For airliners, there is less room for error caused by the pilots (but it still happens). In General Aviation, the accident rate is more than an order of magnitude higher per mile (FAA has the data on their site) and by far in most cases it is pilot error, even if GA planes are less reliable. The official statistics are not very accurate because the GA accidents are investigated with less rigor, there are no black boxes to record what really happened and the pilots lie about the real cause (in more than 50% of the accidents I personally know).
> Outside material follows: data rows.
lemma pivot_step:
  fixes A :: "'a::comm_ring_1 mat"
  assumes hermite: "hermite_ring TYPE('a)"
    and represent: "primitive_matrices_represent_one TYPE('a) (Suc m) (Suc n)"
    and A: "A \<in> carrier_mat (Suc m) (Suc n)"
  obtains P Q g D where "P \<in> carrier_mat (Suc m) (Suc m)" "invertible_mat P"
    "Q \<in> carrier_mat (Suc n) (Suc n)" "invertible_mat Q" "D \<in> carrier_mat m n"
    "P * A * Q = four_block_mat (g \<cdot>\<^sub>m 1\<^sub>m 1) (0\<^sub>m 1 n) (0\<^sub>m m 1) D"
proof -
  obtain g A' where A': "A' \<in> carrier_mat (Suc m) (Suc n)" "A = g \<cdot>\<^sub>m A'"
    and primitive: "primitive_matrix (Suc m) (Suc n) (\<lambda>i j. A' $$ (i, j))"
    by (rule matrix_primitive_factor[OF hermite A])
  obtain P0 Q0 where P0: "P0 \<in> carrier_mat (Suc m) (Suc m)" "invertible_mat P0"
    and Q0: "Q0 \<in> carrier_mat (Suc n) (Suc n)" "invertible_mat Q0" and corner: "(P0 * A' * Q0) $$ (0, 0) = 1"
    by (rule primitive_matrix_corner_one[OF hermite represent A'(1) primitive]) auto
  have "P0 * A' * Q0 \<in> carrier_mat (Suc m) (Suc n)"
    using P0 A' Q0 by auto
  then obtain E F X where E: "E \<in> carrier_mat (Suc m) (Suc m)" "invertible_mat E"
    and F: "F \<in> carrier_mat (Suc n) (Suc n)" "invertible_mat F" and X: "X \<in> carrier_mat m n"
    and EF: "E * (P0 * A' * Q0) * F = four_block_mat (1\<^sub>m 1) (0\<^sub>m 1 n) (0\<^sub>m m 1) X"
    by (rule corner_one_elimination[OF _ corner])
  have "E * P0 * A * (Q0 * F) = g \<cdot>\<^sub>m (E * P0 * A' * (Q0 * F))"
    using E P0 A' Q0 F
    by (simp add: mult_smult_distrib[of _ "Suc m" "Suc m"]
        mult_smult_assoc_mat[of "E * (P0 * A')" "Suc m" "Suc n" "Q0 * F" "Suc n"])
  also have "\<dots> = g \<cdot>\<^sub>m four_block_mat (1\<^sub>m 1) (0\<^sub>m 1 n) (0\<^sub>m m 1) X"
    by (simp only: mult_mat_assoc_inner[OF E(1) P0(1) A'(1) Q0(1) F(1)] EF)
  also have "\<dots> = four_block_mat (g \<cdot>\<^sub>m 1\<^sub>m 1) (0\<^sub>m 1 n) (0\<^sub>m m 1) (g \<cdot>\<^sub>m X)"
    using X by (subst smult_four_block_mat) auto
  finally have "E * P0 * A * (Q0 * F) = four_block_mat (g \<cdot>\<^sub>m 1\<^sub>m 1) (0\<^sub>m 1 n) (0\<^sub>m m 1) (g \<cdot>\<^sub>m X)" .
  moreover have "invertible_mat (E * P0)" "invertible_mat (Q0 * F)"
    using invertible_mat_mult E P0 Q0 F by blast+
  ultimately show ?thesis
    using that[of "E * P0" "Q0 * F" "g \<cdot>\<^sub>m X" g] E P0 Q0 F X by simp
qed

lemma diagonal_mat_four_block:
  fixes D :: "'a::comm_ring_1 mat"
  assumes "diagonal_mat D" "D \<in> carrier_mat m n" "c \<in> carrier_mat 1 1"
  shows "diagonal_mat (four_block_mat c (0\<^sub>m 1 n) (0\<^sub>m m 1) D)"
  using assms unfolding diagonal_mat_def by (auto simp: less_Suc_eq_0_disj) blast

lemma diagonalize_lower_block:
  fixes D :: "'a::comm_ring_1 mat"
  assumes D: "D \<in> carrier_mat m n" and c: "c \<in> carrier_mat 1 1"
    and P: "P \<in> carrier_mat m m" "invertible_mat P" and Q: "Q \<in> carrier_mat n n" "invertible_mat Q"
    and diagonal: "diagonal_mat (P * D * Q)"
  shows "\<exists>P' Q'. P' \<in> carrier_mat (Suc m) (Suc m) \<and> invertible_mat P' \<and>
    Q' \<in> carrier_mat (Suc n) (Suc n) \<and> invertible_mat Q' \<and>
    diagonal_mat (P' * four_block_mat c (0\<^sub>m 1 n) (0\<^sub>m m 1) D * Q')"
proof (intro exI conjI)
  let ?P' = "four_block_mat (1\<^sub>m 1) (0\<^sub>m 1 m) (0\<^sub>m m 1) P"
  let ?Q' = "four_block_mat (1\<^sub>m 1) (0\<^sub>m 1 n) (0\<^sub>m n 1) Q"
  show "?P' \<in> carrier_mat (Suc m) (Suc m)" "invertible_mat ?P'"
    using P by (auto intro: invertible_mat_four_block_diag invertible_mat_one)
  show "?Q' \<in> carrier_mat (Suc n) (Suc n)" "invertible_mat ?Q'"
    using Q by (auto intro: invertible_mat_four_block_diag invertible_mat_one)
  have "?P' * four_block_mat c (0\<^sub>m 1 n) (0\<^sub>m m 1) D * ?Q' = four_block_mat c (0\<^sub>m 1 n) (0\<^sub>m m 1) (P * D * Q)"
    using P D Q c
    by (simp add: mult_four_block_mat[of _ 1 1 _ m _ m _ _ 1 _ n] mult_four_block_mat[of _ 1 1 _ n _ m _ _ 1 _ n])
  then show "diagonal_mat (?P' * four_block_mat c (0\<^sub>m 1 n) (0\<^sub>m m 1) D * ?Q')"
    using diagonal_mat_four_block[OF diagonal] P D Q c by simp
qed

lemma diagonalization:
  fixes A :: "'a::comm_ring_1 mat"
  assumes hermite: "hermite_ring TYPE('a)"
    and represent: "\<And>m n. primitive_matrices_represent_one TYPE('a) m n"
  shows "A \<in> carrier_mat m n \<Longrightarrow> \<exists>P Q. P \<in> carrier_mat m m \<and> Q \<in> carrier_mat n n \<and>
    invertible_mat P \<and> invertible_mat Q \<and> diagonal_mat (P * A * Q)"
proof (induction m arbitrary: n A)
  case 0
  then have "diagonal_mat (1\<^sub>m 0 * A * 1\<^sub>m n)"
    unfolding diagonal_mat_def by simp
  then show ?case
    using invertible_mat_one one_carrier_mat by blast
next
  case (Suc m)
  show ?case
  proof (cases n)
    case 0
    then have "diagonal_mat (1\<^sub>m (Suc m) * A * 1\<^sub>m n)"
      using Suc.prems unfolding diagonal_mat_def by simp
    then show ?thesis
      using invertible_mat_one one_carrier_mat by blast
  next
    case (Suc n')
    then have A: "A \<in> carrier_mat (Suc m) (Suc n')"
      using Suc.prems by simp
    obtain P Q g D where P: "P \<in> carrier_mat (Suc m) (Suc m)" "invertible_mat P"
      and Q: "Q \<in> carrier_mat (Suc n') (Suc n')" "invertible_mat Q" and D: "D \<in> carrier_mat m n'"
      and PAQ: "P * A * Q = four_block_mat (g \<cdot>\<^sub>m 1\<^sub>m 1) (0\<^sub>m 1 n') (0\<^sub>m m 1) D"
      by (rule pivot_step[OF hermite represent A])
    obtain P' Q' where P': "P' \<in> carrier_mat m m" "invertible_mat P'"
      and Q': "Q' \<in> carrier_mat n' n'" "invertible_mat Q'" and "diagonal_mat (P' * D * Q')"
      using Suc.IH[OF D] by blast
    then have "\<exists>P'' Q''. P'' \<in> carrier_mat (Suc m) (Suc m) \<and> invertible_mat P'' \<and>
        Q'' \<in> carrier_mat (Suc n') (Suc n') \<and> invertible_mat Q'' \<and> diagonal_mat (P'' * (P * A * Q) * Q'')"
      unfolding PAQ by (intro diagonalize_lower_block[OF D _ P' Q']) auto
    then obtain P'' Q'' where P'': "P'' \<in> carrier_mat (Suc m) (Suc m)" "invertible_mat P''"
      and Q'': "Q'' \<in> carrier_mat (Suc n') (Suc n')" "invertible_mat Q''"
      and "diagonal_mat (P'' * (P * A * Q) * Q'')"
      by blast
    moreover have "P'' * P * A * (Q * Q'') = P'' * (P * A * Q) * Q''"
      by (rule mult_mat_assoc_inner[OF P''(1) P(1) A Q(1) Q''(1)])
    moreover have "invertible_mat (P'' * P)" "invertible_mat (Q * Q'')"
      using invertible_mat_mult P P'' Q Q'' by blast+
    ultimately show ?thesis
      using P P'' Q Q'' Suc by (intro exI[of _ "P'' * P"] exI[of _ "Q * Q''"]) auto
  qed
qed

theorem corollary3p4:
  assumes "bezout_ring TYPE('a::comm_ring_1)"
    and "krull_dim_le_one TYPE('a)"
    and "compact_space (subtopology (zariski_topology :: 'a set topology) MinSpec)"
  shows "kaplansky_ring TYPE('a)"
proof -
  have hermite: "hermite_ring TYPE('a)"
    by (rule bezout_krull_dim_le_one_hermite[OF assms])
  have "primitive_matrices_represent_one TYPE('a) m n" for m n
    by (rule primitive_matrices_represent_one_if_2x2[OF hermite primitive_matrices_represent_one_2x2[OF assms]])
  then show ?thesis
    unfolding kaplansky_ring_def using diagonalization[OF hermite] by blast
qed

end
It is hard to prove all these, but some data exists on the FAA site, the inside info will never be public anywhere to consult. By inside info I am talking about the real story told by the pilots that had the accidents, in small communities people talk very openly about it.
LE. I mentioned General Aviation because I know pilots with over 10,000 on B737 that died flying smaller planes or not able to fly at all smaller planes.
Sorry, trying to clarify but there is too much to tell for a full picture. In a B737 you are not allowed to do most maneuvers you do when flying a small plane or a fighter; not necessarily acrobatics, but even more basic things like stalls, spins, side slips or flying without engines, which is something I regularly do to maintain my proficiency. That means 10,000 hours of limited, routine flying does not make a lot of difference, especially when you get into an incident that is outside of the routine.
Good pilots vs bad pilots: some pilots that I know can fly visual without any instruments, knowing the plane and feeling the plane. Many others are barely flying straight if you mask their artificial horizon and VSI.
A simulator is to flying what porn is to sex: a simulation pretty far from reality. I had a lot of simulator time when I first flew a plane, it still took me 8 hours to be able to fly it in real life and that was a very simple 2-seater trainer.